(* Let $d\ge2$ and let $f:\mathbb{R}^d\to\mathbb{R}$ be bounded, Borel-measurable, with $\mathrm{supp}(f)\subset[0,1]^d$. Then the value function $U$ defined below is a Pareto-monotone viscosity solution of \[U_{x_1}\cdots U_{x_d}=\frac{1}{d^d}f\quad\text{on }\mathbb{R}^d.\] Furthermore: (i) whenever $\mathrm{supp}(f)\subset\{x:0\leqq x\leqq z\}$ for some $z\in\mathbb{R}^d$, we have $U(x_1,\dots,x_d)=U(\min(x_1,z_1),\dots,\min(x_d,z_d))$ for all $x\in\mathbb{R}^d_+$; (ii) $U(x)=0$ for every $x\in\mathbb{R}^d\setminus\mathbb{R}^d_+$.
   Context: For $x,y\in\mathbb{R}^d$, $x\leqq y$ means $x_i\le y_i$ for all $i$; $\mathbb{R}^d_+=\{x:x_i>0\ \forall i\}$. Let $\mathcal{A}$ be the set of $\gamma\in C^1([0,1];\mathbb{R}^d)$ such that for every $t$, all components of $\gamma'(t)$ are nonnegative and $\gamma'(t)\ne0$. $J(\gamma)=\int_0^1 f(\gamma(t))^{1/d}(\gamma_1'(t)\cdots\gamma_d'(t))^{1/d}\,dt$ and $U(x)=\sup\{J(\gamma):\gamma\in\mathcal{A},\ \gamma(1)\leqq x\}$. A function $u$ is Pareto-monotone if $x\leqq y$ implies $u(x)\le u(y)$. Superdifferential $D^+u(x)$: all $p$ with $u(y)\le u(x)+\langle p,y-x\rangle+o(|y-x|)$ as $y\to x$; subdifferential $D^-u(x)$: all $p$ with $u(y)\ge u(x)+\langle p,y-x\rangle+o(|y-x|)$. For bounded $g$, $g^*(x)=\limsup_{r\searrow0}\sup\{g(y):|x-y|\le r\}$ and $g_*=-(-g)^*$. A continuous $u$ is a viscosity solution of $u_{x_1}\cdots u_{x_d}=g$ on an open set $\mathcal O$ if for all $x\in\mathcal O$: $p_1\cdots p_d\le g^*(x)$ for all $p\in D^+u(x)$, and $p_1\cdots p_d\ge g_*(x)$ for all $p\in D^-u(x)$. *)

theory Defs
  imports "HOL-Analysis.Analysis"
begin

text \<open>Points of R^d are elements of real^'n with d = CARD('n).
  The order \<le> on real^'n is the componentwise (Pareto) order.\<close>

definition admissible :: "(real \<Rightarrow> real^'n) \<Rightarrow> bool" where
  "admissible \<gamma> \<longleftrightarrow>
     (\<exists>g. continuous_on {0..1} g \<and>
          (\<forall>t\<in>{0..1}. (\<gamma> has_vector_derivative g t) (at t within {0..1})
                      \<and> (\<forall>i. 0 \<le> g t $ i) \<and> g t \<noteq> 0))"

##########

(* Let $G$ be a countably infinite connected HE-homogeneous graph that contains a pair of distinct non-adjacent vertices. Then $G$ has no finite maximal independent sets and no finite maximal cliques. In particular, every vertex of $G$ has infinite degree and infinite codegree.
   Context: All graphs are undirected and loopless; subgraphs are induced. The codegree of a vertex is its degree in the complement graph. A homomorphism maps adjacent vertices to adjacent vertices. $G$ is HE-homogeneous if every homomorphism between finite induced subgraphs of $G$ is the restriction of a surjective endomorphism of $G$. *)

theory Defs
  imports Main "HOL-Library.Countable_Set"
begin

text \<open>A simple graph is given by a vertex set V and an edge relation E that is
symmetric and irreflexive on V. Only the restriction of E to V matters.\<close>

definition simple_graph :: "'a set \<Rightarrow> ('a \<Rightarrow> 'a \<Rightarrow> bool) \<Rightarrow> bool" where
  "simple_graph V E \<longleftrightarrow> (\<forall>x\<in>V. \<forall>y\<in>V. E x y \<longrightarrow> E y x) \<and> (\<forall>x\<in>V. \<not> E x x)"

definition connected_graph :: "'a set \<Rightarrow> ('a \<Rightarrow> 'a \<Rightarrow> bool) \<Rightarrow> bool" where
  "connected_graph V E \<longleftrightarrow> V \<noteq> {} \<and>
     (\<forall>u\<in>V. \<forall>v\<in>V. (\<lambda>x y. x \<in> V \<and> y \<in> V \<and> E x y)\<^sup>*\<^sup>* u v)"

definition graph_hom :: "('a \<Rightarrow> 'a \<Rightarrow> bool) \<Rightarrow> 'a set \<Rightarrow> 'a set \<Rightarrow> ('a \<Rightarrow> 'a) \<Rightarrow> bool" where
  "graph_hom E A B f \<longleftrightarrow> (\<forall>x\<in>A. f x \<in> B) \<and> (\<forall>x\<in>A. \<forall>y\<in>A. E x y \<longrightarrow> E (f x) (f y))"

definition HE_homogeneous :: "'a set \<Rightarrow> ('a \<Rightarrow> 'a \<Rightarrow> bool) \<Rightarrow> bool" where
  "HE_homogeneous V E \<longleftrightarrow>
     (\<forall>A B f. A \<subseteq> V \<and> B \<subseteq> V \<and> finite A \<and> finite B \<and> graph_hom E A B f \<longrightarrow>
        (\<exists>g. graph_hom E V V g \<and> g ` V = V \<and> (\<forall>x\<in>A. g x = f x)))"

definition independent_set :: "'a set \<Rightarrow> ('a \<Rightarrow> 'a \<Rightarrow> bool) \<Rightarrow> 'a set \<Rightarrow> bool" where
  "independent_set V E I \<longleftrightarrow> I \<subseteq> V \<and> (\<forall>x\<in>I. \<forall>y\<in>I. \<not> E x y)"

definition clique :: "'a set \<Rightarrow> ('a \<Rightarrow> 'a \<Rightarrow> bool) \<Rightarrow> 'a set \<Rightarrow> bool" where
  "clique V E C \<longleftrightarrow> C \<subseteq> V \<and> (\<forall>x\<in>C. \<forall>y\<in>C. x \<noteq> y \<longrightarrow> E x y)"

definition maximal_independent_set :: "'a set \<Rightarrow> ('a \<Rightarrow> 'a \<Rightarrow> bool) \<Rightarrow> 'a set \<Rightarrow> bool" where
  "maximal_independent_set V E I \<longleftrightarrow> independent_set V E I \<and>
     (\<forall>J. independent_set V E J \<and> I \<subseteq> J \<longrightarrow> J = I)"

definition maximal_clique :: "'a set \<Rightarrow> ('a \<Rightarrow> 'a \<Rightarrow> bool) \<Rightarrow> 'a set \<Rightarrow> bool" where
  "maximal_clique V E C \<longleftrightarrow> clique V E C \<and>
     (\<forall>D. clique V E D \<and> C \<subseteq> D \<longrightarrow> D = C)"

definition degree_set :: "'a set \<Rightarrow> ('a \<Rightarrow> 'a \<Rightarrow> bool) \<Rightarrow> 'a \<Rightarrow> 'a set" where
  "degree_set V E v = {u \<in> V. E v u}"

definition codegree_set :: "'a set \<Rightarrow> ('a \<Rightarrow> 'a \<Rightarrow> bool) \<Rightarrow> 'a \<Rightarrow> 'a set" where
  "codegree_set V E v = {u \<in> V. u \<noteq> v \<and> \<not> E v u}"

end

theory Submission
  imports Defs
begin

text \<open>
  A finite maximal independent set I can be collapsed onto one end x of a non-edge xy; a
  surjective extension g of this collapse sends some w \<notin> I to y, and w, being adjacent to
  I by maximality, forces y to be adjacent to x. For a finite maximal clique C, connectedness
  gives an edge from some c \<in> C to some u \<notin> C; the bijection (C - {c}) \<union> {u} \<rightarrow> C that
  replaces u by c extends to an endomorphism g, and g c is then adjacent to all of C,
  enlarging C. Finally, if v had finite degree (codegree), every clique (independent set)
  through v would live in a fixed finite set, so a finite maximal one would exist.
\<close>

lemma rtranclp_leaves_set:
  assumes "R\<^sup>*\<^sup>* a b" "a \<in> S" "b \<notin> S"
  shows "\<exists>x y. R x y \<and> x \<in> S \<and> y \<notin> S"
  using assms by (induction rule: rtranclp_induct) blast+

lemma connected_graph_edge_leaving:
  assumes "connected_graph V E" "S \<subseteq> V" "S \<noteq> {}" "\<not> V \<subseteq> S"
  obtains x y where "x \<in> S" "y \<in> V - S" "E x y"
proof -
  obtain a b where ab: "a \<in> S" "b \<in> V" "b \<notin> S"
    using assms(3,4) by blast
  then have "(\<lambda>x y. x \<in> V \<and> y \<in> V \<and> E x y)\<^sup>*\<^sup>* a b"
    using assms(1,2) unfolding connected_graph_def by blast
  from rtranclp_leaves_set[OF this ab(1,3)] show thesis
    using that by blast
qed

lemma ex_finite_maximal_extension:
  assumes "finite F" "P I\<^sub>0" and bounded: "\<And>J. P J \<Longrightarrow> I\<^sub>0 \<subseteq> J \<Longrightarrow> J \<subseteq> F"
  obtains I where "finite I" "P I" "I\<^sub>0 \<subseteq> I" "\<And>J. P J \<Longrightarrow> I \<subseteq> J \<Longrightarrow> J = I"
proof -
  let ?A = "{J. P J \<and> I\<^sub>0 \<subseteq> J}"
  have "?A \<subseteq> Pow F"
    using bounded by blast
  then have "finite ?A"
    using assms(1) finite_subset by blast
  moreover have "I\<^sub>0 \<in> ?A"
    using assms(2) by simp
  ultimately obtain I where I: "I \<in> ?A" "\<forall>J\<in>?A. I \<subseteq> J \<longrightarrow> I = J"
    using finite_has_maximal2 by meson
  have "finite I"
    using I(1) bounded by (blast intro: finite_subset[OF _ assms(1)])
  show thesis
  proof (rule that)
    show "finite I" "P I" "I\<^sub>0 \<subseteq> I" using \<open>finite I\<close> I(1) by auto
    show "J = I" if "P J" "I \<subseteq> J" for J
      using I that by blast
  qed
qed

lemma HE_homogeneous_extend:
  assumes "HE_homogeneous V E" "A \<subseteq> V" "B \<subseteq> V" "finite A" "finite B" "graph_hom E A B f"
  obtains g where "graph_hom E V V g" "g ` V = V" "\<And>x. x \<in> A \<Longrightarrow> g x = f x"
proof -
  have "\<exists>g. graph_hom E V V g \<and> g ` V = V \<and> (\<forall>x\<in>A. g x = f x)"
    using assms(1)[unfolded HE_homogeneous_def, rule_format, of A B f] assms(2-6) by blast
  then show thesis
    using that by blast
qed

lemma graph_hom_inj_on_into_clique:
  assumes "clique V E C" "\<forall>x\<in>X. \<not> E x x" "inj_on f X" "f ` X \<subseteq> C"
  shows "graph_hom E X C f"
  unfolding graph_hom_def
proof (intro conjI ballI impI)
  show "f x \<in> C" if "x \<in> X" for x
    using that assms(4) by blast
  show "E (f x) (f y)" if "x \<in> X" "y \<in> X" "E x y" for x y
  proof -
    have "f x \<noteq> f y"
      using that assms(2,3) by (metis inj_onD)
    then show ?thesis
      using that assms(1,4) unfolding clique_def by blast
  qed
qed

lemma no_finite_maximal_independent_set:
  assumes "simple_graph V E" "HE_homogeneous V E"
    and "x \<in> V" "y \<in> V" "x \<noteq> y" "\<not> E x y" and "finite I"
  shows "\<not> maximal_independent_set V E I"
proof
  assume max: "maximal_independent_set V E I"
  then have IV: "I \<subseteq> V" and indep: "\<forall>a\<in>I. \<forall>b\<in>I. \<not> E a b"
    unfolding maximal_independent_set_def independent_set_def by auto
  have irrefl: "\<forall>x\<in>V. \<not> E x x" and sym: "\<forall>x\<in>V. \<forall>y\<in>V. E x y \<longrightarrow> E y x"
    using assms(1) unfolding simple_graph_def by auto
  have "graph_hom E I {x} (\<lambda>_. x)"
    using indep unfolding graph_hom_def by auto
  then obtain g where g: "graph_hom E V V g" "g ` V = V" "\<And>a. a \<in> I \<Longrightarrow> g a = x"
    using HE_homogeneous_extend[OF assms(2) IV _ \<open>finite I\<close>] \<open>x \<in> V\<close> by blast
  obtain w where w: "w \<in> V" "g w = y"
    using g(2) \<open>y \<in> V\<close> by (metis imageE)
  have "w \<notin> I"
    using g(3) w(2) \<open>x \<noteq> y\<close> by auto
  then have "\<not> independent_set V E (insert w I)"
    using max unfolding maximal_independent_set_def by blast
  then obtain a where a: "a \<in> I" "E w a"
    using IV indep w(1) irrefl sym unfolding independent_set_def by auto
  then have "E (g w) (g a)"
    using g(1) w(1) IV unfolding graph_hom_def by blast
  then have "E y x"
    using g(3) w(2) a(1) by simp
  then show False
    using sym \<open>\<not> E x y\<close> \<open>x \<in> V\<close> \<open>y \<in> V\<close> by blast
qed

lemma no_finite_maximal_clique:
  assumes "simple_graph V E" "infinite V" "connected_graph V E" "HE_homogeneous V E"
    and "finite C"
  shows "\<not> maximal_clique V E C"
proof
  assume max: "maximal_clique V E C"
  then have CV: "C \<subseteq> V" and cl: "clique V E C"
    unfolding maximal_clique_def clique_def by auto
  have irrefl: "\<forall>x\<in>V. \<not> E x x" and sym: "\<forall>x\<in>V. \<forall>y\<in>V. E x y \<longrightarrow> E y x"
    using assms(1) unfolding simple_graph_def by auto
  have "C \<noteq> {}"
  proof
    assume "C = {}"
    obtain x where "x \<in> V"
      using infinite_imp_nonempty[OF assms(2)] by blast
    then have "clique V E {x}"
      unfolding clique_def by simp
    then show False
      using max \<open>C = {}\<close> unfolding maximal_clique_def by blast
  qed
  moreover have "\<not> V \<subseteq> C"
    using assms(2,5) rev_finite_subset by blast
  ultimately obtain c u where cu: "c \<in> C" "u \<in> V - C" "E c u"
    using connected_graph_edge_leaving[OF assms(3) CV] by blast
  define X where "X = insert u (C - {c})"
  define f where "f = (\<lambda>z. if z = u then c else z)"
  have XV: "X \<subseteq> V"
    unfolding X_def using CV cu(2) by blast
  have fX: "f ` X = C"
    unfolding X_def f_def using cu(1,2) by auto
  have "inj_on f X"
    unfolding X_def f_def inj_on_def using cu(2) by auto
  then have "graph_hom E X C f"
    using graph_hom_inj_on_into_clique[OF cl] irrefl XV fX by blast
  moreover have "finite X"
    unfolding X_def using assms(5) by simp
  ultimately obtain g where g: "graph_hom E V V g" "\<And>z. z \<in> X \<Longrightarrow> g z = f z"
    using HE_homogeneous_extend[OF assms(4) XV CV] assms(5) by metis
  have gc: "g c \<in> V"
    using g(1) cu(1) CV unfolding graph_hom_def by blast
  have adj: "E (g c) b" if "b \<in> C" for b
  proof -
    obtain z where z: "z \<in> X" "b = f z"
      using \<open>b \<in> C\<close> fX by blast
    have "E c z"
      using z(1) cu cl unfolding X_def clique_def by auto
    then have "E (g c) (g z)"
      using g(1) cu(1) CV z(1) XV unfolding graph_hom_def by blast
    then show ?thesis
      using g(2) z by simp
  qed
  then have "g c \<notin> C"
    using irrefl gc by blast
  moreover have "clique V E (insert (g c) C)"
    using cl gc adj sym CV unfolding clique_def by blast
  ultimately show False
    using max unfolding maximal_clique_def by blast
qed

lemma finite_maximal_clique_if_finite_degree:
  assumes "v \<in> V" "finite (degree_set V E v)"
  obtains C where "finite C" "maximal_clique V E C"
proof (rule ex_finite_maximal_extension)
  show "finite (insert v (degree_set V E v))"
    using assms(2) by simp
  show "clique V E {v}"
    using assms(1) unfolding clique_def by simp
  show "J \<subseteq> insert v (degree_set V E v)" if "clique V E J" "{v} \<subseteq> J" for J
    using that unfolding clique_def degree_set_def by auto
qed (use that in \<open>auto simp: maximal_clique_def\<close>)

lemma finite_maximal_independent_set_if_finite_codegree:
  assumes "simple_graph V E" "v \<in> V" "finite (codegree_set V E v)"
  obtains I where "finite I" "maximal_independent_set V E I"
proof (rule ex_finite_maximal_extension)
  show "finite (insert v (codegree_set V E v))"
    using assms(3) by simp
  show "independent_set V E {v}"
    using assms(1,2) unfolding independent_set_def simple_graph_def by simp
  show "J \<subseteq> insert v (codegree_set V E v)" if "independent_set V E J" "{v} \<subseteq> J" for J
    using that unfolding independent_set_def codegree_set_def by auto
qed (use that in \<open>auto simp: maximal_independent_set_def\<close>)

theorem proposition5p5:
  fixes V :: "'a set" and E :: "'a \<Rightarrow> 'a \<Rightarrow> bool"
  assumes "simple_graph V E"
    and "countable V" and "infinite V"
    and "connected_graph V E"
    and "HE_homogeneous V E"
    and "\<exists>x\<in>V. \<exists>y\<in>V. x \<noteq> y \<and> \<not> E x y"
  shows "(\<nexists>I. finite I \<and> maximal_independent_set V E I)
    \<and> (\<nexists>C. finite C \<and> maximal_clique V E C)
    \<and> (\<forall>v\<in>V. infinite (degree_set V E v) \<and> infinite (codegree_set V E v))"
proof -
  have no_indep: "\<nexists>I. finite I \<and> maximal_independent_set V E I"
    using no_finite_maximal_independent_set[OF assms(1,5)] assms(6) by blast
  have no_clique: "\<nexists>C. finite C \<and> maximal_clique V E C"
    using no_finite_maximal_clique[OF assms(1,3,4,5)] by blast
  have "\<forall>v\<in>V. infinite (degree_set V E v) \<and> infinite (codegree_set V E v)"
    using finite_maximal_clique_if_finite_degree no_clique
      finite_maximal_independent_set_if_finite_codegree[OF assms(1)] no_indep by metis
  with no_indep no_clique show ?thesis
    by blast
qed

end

##########

Problem to work on. Give back, word for word, only the lines above from the line holding "then show thesis" to the line holding "x \<noteq> f", both included.

Response below.
  then show thesis
    using that by blast
qed

lemma graph_hom_inj_on_into_clique:
  assumes "clique V E C" "\<forall>x\<in>X. \<not> E x x" "inj_on f X" "f ` X \<subseteq> C"
  shows "graph_hom E X C f"
  unfolding graph_hom_def
proof (intro conjI ballI impI)
  show "f x \<in> C" if "x \<in> X" for x
    using that assms(4) by blast
  show "E (f x) (f y)" if "x \<in> X" "y \<in> X" "E x y" for x y
  proof -
    have "f x \<noteq> f y"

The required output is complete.